* Records supplied *

lemma block_sum_crossing_weight:
  fixes u t :: real and e :: int and i :: nat
  assumes u: "u > 0" and t: "t = u powi (-4)"
  defines "\<delta> \<equiv> - u\<^sup>2 - u powi (-2)"
  shows "block_sum (crossing_weight u \<delta> (i, 0 \<le> e)) (nat \<bar>e\<bar>) True = u powi e"
    and "block_sum (crossing_weight u \<delta> (i, 0 \<le> e)) (nat \<bar>e\<bar>) False = u powi e * (eps e * (1+t) * Apoly e t)"
proof -
  have u0: "u \<noteq> 0" using u by simp
  have pF: "crossing_weight u \<delta> (i, 0 \<le> e) False = (if 0 \<le> e then u else inverse u)"
    unfolding crossing_weight_def smoothing_sign_def by (simp add: power_int_minus)
  have pT: "crossing_weight u \<delta> (i, 0 \<le> e) True = (if 0 \<le> e then inverse u * \<delta> else u * \<delta>)"
    unfolding crossing_weight_def smoothing_sign_def by (simp add: power_int_minus)
  show c1: "block_sum (crossing_weight u \<delta> (i, 0 \<le> e)) (nat \<bar>e\<bar>) True = u powi e"
    unfolding block_sum_def pF using powi_nat_abs[of e u] u0 by (cases "0 \<le> e") auto
  have m2: "u powi (-2) = inverse u ^ 2" by (simp add: power_int_minus power_inverse)
  have S: "crossing_weight u \<delta> (i, 0 \<le> e) False + crossing_weight u \<delta> (i, 0 \<le> e) True
      = (if 0 \<le> e then - (inverse u ^ 3) else - (u ^ 3))"
    unfolding pF pT unfolding \<delta>_def m2 using u0 by (simp add: field_simps power2_eq_square power3_eq_cube)
  have m3: "u powi (-3) = inverse u ^ 3" by (simp add: power_int_minus power_inverse)
  have Sn: "(crossing_weight u \<delta> (i, 0 \<le> e) False + crossing_weight u \<delta> (i, 0 \<le> e) True) ^ nat \<bar>e\<bar> = (- (u powi (-3))) powi e"
  proof (cases "0 \<le> e")
    case True then show ?thesis unfolding S m3 using powi_nat_abs(1)[OF True] by simp
  next
    case False
    have "inverse (- (u powi (-3))) = - (u ^ 3)" unfolding m3 using u0 by (simp add: field_simps)
    then show ?thesis unfolding S using powi_nat_abs(2)[of e "- (u powi (-3))"] False u0 by simp
  qed
  have h1: "u * t = u powi (-3)" unfolding t using u0 by (simp add: power_int_add[symmetric] flip: power_int_add_1')
  have ut: "u powi e * t powi e = (u powi (-3)) powi e"
    by (simp only: power_int_mult_distrib[symmetric] h1)
  have tp: "t > 0" using u unfolding t by (simp add: power_int_minus)
  have t1: "t + 1 \<noteq> 0" using tp by simp
  have ap: "(1 + t) * Apoly e t = t powi e - eps e"
    using power_int_eq_Apoly[OF tp, of e] by simp
  have "u powi e * (eps e * (1+t) * Apoly e t) = (u powi e * eps e) * ((1+t) * Apoly e t)"
    by (simp only: mult_ac)
  also have "\<dots> = (u powi e * eps e) * (t powi e - eps e)" by (simp only: ap)
  also have "\<dots> = eps e * (u powi e * t powi e) - eps e * eps e * u powi e"
    by (simp add: algebra_simps)
  also have "\<dots> = (- (u powi (-3))) powi e - u powi e"
    unfolding ut eps_mult_self power_int_minus_eps by simp
  finally show "block_sum (crossing_weight u \<delta> (i, 0 \<le> e)) (nat \<bar>e\<bar>) False = u powi e * (eps e * (1+t) * Apoly e t)"
    unfolding block_sum_def Sn using c1[unfolded block_sum_def] by simp
qed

* Aim of the task *
Copy exactly the lines of the listing above, beginning at the line with "(-3))) powi e - u" and ending at its final line; write out nothing else.

* Exercise result *
  also have "\<dots> = (- (u powi (-3))) powi e - u powi e"
    unfolding ut eps_mult_self power_int_minus_eps by simp
  finally show "block_sum (crossing_weight u \<delta> (i, 0 \<le> e)) (nat \<bar>e\<bar>) False = u powi e * (eps e * (1+t) * Apoly e t)"
    unfolding block_sum_def Sn using c1[unfolded block_sum_def] by simp
qed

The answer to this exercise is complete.